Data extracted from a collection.
lemma sum_orth_resid_offsets_vmean:
  fixes U V :: "real mat"
  assumes U: "orthonormal_cols d k U" and V: "orthonormal_cols d r V"
    and y: "y \<in> carrier_vec d" and lam: "\<And>i. i \<in> T \<Longrightarrow> lam i \<in> carrier_vec r"
  shows "(\<Sum>i\<in>T. orth_resid U y \<bullet> orth_resid U (V *\<^sub>v (lam i - vmean r T lam))) = 0"
proof -
  have Vc: "V \<in> carrier_mat d r" using orthonormal_cols_carrier[OF V] .
  define a where "a = orth_resid U y"
  have a: "a \<in> carrier_vec d" unfolding a_def using U y by simp
  have "a \<bullet> orth_resid U (V *\<^sub>v (lam i - vmean r T lam))
      = (transpose_mat V *\<^sub>v a) \<bullet> (lam i - vmean r T lam)" if i: "i \<in> T" for i
  proof -
    have \<alpha>: "lam i - vmean r T lam \<in> carrier_vec r" using lam[OF i] by simp
    have "a \<bullet> orth_resid U (V *\<^sub>v (lam i - vmean r T lam)) = a \<bullet> (V *\<^sub>v (lam i - vmean r T lam))"
      unfolding a_def using Vc y \<alpha> by (simp add: orth_resid_scalar_prod[OF U])
    also have "\<dots> = (transpose_mat V *\<^sub>v a) \<bullet> (lam i - vmean r T lam)"
      using a Vc \<alpha> mult_vec_scalar_prod_transpose[OF V \<alpha> a]
      by (simp add: comm_scalar_prod[of _ d] comm_scalar_prod[of _ r])
    finally show ?thesis .
  qed
  then have "(\<Sum>i\<in>T. a \<bullet> orth_resid U (V *\<^sub>v (lam i - vmean r T lam)))
      = (\<Sum>i\<in>T. (transpose_mat V *\<^sub>v a) \<bullet> (lam i - vmean r T lam))" by simp
  also have "\<dots> = 0" using Vc a lam by (intro sum_scalar_prod_sub_vmean) auto
  finally show ?thesis unfolding a_def .
qed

Work instruction.
The answer must consist solely of the lines from the first line of the data to the line holding "T \<Longrightarrow> lam", each given again exactly.

Result for this exercise.
lemma sum_orth_resid_offsets_vmean:
  fixes U V :: "real mat"
  assumes U: "orthonormal_cols d k U" and V: "orthonormal_cols d r V"
    and y: "y \<in> carrier_vec d" and lam: "\<And>i. i \<in> T \<Longrightarrow> lam i \<in> carrier_vec r"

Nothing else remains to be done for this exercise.